Mean follow-up was 35 months (range 6-72+). A median progression-free interval (PFI) of 30 months (range 8-61+) was seen in patients treated in the adjuvant setting. Objective response, indicated by normalization of an elevated prechemotherapy CA125 level, was seen in 8 of 9 patients treated for residual disease after initial surgery (median PFI of 13 months, range 5-38+). Objective response of both measurable and/or evaluable disease was seen in 7 of 11 patients treated for recurrent disease (median PFI of 9 months, range 4-18).
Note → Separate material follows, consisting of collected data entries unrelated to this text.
lemma max_norms_le_sqrt_mean_sup:
  fixes \<phi> L :: "nat \<Rightarrow> 'a \<Rightarrow> real"
  assumes M: "prob_space M" and "n \<ge> 1"
    and int: "\<And>k. k \<in> {1..n} \<Longrightarrow> integrable M (\<phi> k)"
    and L0: "L 0 = (\<lambda>_. 0)"
    and int_L: "\<And>k. k \<in> {1..n} \<Longrightarrow> integrable M (L k)"
    and nonneg: "\<And>k \<omega>. k \<in> {1..n} \<Longrightarrow> \<omega> \<in> space M \<Longrightarrow> 0 \<le> L k \<omega>"
    and bounded: "\<And>k \<omega>. k \<in> {1..n} \<Longrightarrow> \<omega> \<in> space M \<Longrightarrow> L k \<omega> \<le> B"
    and rec: "\<And>k. k \<in> {1..n} \<Longrightarrow>
      (\<integral>\<omega>. sqrt ((\<phi> k \<omega>)\<^sup>2 + (L (k - 1) \<omega>)\<^sup>2) \<partial>M) \<le> (\<integral>\<omega>. L k \<omega> \<partial>M)"
  defines "S \<equiv> Max ((\<lambda>k. SUP \<omega>\<in>space M. L k \<omega>) ` {1..n})"
  shows "max (L1l2_norm M n \<phi>) (ind_norm M n \<phi>) \<le> (1 + sqrt 2) * sqrt (\<integral>\<omega>. L n \<omega> \<partial>M) * sqrt S"
proof -
  interpret prob_space M
    by (rule M)
  interpret \<Omega>n: prob_space "PiM {1..n} (\<lambda>_. M)"
    using M by (intro prob_space_PiM)
  have L_le_S: "L k \<omega> \<le> S" if "k \<in> {1..n}" "\<omega> \<in> space M" for k \<omega>
    unfolding S_def using that bounded by (intro le_Max_SUP bdd_aboveI2) auto
  obtain \<omega>\<^sub>0 where "\<omega>\<^sub>0 \<in> space M"
    using not_empty by blast
  then have "0 \<le> S"
    using nonneg L_le_S \<open>n \<ge> 1\<close> by (meson atLeastAtMost_iff order_trans order_refl)
  then have bounds: "0 \<le> L k \<omega> \<and> L k \<omega> \<le> S" if "k \<le> n" "\<omega> \<in> space M" for k \<omega>
    using that nonneg L_le_S L0 by (cases "k = 0") auto
  define m where "m = (\<integral>\<omega>. L n \<omega> \<partial>M)"
  have int_L': "integrable M (L k)" if "k \<le> n" for k
    using that int_L L0 by (cases "k = 0") auto
  have "0 \<le> m" "m \<le> S"
    unfolding m_def using int_L' bounds integral_mono[of M "L n" "\<lambda>_. S"]
    by (auto intro!: integral_nonneg_AE simp: prob_space)
  have incr: "(\<Sum>k=1..n. \<integral>\<omega>. sqrt ((\<phi> k \<omega>)\<^sup>2 + S\<^sup>2) - S \<partial>M) \<le> m"
    unfolding m_def using int int_L' L0 bounds rec by (rule sum_shifted_increments_le)
  have "L1l2_norm M n \<phi> \<le> m + sqrt (2 * S * m)"
    unfolding L1l2_norm_def using int \<open>0 \<le> S\<close> incr by (rule integral_sqrt_sum_squares_le_shifted)
  moreover have "ind_norm M n \<phi> \<le> m + sqrt (2 * S * m)"
    unfolding ind_norm_def
  proof (rule \<Omega>n.integral_sqrt_sum_squares_le_shifted[OF _ \<open>0 \<le> S\<close>])
    show "integrable (PiM {1..n} (\<lambda>_. M)) (\<lambda>\<omega>. \<phi> k (\<omega> k))" if "k \<in> {1..n}" for k
      using int[OF that] that by (intro integrable_PiM_component[OF M]) auto
    have "(\<integral>\<omega>. sqrt ((\<phi> k (\<omega> k))\<^sup>2 + S\<^sup>2) - S \<partial>PiM {1..n} (\<lambda>_. M))
        = (\<integral>\<omega>. sqrt ((\<phi> k \<omega>)\<^sup>2 + S\<^sup>2) - S \<partial>M)" if "k \<in> {1..n}" for k
      by (rule integral_PiM_component[OF M that]) (use int[OF that] in measurable)
    then show "(\<Sum>k=1..n. \<integral>\<omega>. sqrt ((\<phi> k (\<omega> k))\<^sup>2 + S\<^sup>2) - S \<partial>PiM {1..n} (\<lambda>_. M)) \<le> m"
      using incr by simp
  qed
  ultimately show ?thesis
    using add_sqrt_two_mult_le[OF \<open>0 \<le> m\<close> \<open>m \<le> S\<close>] unfolding m_def by simp
qed

theorem lemma1p5:
  fixes M :: "'a measure" and n :: nat and \<phi> :: "nat \<Rightarrow> 'a \<Rightarrow> real"
  assumes "prob_space M"
    and "n \<ge> 1"
    and "\<And>k. k \<in> {1..n} \<Longrightarrow> \<phi> k \<in> borel_measurable M"
    and "\<And>k. k \<in> {1..n} \<Longrightarrow> integrable M (\<phi> k)"
    and "\<And>k \<omega>. k \<in> {1..n} \<Longrightarrow> \<omega> \<in> space M \<Longrightarrow> \<phi> k \<omega> \<ge> 0"
  shows
    "(\<forall>l :: nat \<Rightarrow> real.
        l 0 = 0 \<and>
        (\<forall>k\<in>{1..n}. l k = (\<integral>\<omega>. sqrt ((\<phi> k \<omega>)^2 + (l (k - 1))^2) \<partial>M))
        \<longrightarrow> max (L1l2_norm M n \<phi>) (ind_norm M n \<phi>) \<le> 2 * l n)
     \<and>
     (\<forall>L :: nat \<Rightarrow> 'a \<Rightarrow> real.
        L 0 = (\<lambda>_. 0) \<and>
        (\<forall>k\<in>{1..n}. L k \<in> borel_measurable M \<and> integrable M (L k)) \<and>
        (\<forall>k\<in>{1..n}. \<forall>\<omega>\<in>space M. L k \<omega> \<ge> 0) \<and>
        (\<exists>B. \<forall>k\<in>{1..n}. \<forall>\<omega>\<in>space M. L k \<omega> \<le> B) \<and>
        (\<forall>k\<in>{1..n}. (\<integral>\<omega>. L k \<omega> \<partial>M) \<ge>
                       (\<integral>\<omega>. sqrt ((\<phi> k \<omega>)^2 + (L (k - 1) \<omega>)^2) \<partial>M))
        \<longrightarrow> max (L1l2_norm M n \<phi>) (ind_norm M n \<phi>)
              \<le> (1 + sqrt 2) * sqrt (\<integral>\<omega>. L n \<omega> \<partial>M)
                 * sqrt (Max ((\<lambda>k. SUP \<omega>\<in>space M. L k \<omega>) ` {1..n})))"
proof (intro conjI allI impI)
  fix l :: "nat \<Rightarrow> real"
  assume "l 0 = 0 \<and> (\<forall>k\<in>{1..n}. l k = (\<integral>\<omega>. sqrt ((\<phi> k \<omega>)^2 + (l (k - 1))^2) \<partial>M))"
  then show "max (L1l2_norm M n \<phi>) (ind_norm M n \<phi>) \<le> 2 * l n"
    using assms(1,4) by (intro max_norms_le_twice_recursion) auto
next
  fix L :: "nat \<Rightarrow> 'a \<Rightarrow> real"
  assume hyps: "L 0 = (\<lambda>_. 0) \<and>
        (\<forall>k\<in>{1..n}. L k \<in> borel_measurable M \<and> integrable M (L k)) \<and>
        (\<forall>k\<in>{1..n}. \<forall>\<omega>\<in>space M. L k \<omega> \<ge> 0) \<and>
        (\<exists>B. \<forall>k\<in>{1..n}. \<forall>\<omega>\<in>space M. L k \<omega> \<le> B) \<and>
        (\<forall>k\<in>{1..n}. (\<integral>\<omega>. L k \<omega> \<partial>M) \<ge>
                       (\<integral>\<omega>. sqrt ((\<phi> k \<omega>)^2 + (L (k - 1) \<omega>)^2) \<partial>M))"
  then obtain B where "\<forall>k\<in>{1..n}. \<forall>\<omega>\<in>space M. L k \<omega> \<le> B"
    by blast
  with hyps show "max (L1l2_norm M n \<phi>) (ind_norm M n \<phi>)
      \<le> (1 + sqrt 2) * sqrt (\<integral>\<omega>. L n \<omega> \<partial>M) * sqrt (Max ((\<lambda>k. SUP \<omega>\<in>space M. L k \<omega>) ` {1..n}))"
    using assms(1,2,4) by (intro max_norms_le_sqrt_mean_sup[where B = B]) auto
qed
(* Let $I=[0,1]$, let $k\in\mathbb N\cup\{0,\infty\}$, and let $C^{(k)}(I)$ be the space of $k$-times continuously differentiable scalar-valued functions on $I$. Let $\{T_n\}_{n\in\mathbb N}$ be a sequence of positive linear maps $T_n:C^{(k)}(I)\to C(I)$. (i) If $T_ng\to g$ pointwise on $I$ for each $g\in\{1,x,x^2\}$, then $T_nf\to f$ pointwise on $I$ for every $f\in C^{(k)}(I)$. (ii) If $T_ng\to g$ uniformly on $I$ for each $g\in\{1,x,x^2\}$, then $T_nf\to f$ uniformly on $I$ for every $f\in C^{(k)}(I)$.
   Context: $C(I)$ is the space of continuous scalar-valued (real or complex) functions on $I$, with the same scalar field as $C^{(k)}(I)$. A linear map $T$ is positive if $Tf\ge0$ whenever $f\ge0$. Here $x$ and $x^2$ denote the functions $t\mapsto t$ and $t\mapsto t^2$. *)

theory Defs
  imports "HOL-Analysis.Analysis" "HOL-Library.Extended_Nat"
begin

abbreviation unitI :: "real set" where "unitI \<equiv> {0..1}"

text \<open>C^(k)(I) for k in N u {infinity} (k :: enat): f is k-times continuously
  differentiable on [0,1] (one-sided derivatives at the endpoints).  D j is the
  j-th derivative; D 0 = f.\<close>
definition Ck :: "enat \<Rightarrow> (real \<Rightarrow> 'a::real_normed_vector) \<Rightarrow> bool" where
  "Ck k f \<longleftrightarrow> (\<exists>D. D 0 = f \<and>
      (\<forall>j. enat j < k \<longrightarrow>
         (\<forall>x\<in>unitI. (D j has_vector_derivative D (Suc j) x) (at x within unitI))) \<and>
      (\<forall>j. enat j \<le> k \<longrightarrow> continuous_on unitI (D j)))"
Six patients had retreatment with one or both agents and 4 responded a second time. Overall, the regimen was well tolerated.

CONCLUSION

Paclitaxel and platinum-based chemotherapy has demonstrated activity in UPSC with acceptable toxicity. These results merit further investigation of the possible role of these agents in patients with this aggressive histologic subtype.

摘要

目的

子宫浆液性乳头状癌(UPSC)是一种侵袭性恶性肿瘤,其组织学表现和扩散方式类似于卵巢浆液性乳头状腺癌。晚期卵巢癌的当前标准治疗方案,顺铂或卡铂联合紫杉醇,对该肿瘤有较高的客观缓解率。迄今为止,该方案尚未在UPSC中进行评估。

方法

对24例接受铂类化疗和紫杉醇治疗的UPSC患者进行回顾性评估。18例患者在辅助治疗(n = 9)或初始手术治疗后疾病持续存在时(n = 9)接受了这些药物。11例患者因复发疾病接受了一个或多个疗程的这种药物联合治疗,其中5例在初始治疗时有过接触。

结果

平均随访35个月(范围6 - 72 +)。在辅助治疗的患者中,无进展生存期(PFI)的中位数为30个月(范围8 - 61 +)。在初始手术后针对残留疾病接受治疗的9例患者中,8例出现了以化疗前升高的CA125水平恢复正常为指标的客观缓解(PFI中位数为13个月,范围5 - 38 +)。在因复发疾病接受治疗的11例患者中,7例出现了可测量和/或可评估疾病的客观缓解(PFI中位数为9个月,范围4 - 18)。6例患者用一种或两种药物再次治疗,4例再次出现缓解。总体而言,该方案耐受性良好。

结论

紫杉醇和铂类化疗在UPSC中已显示出活性,毒性可接受。这些结果值得进一步研究这些药物在这种侵袭性组织学亚型患者中的可能作用。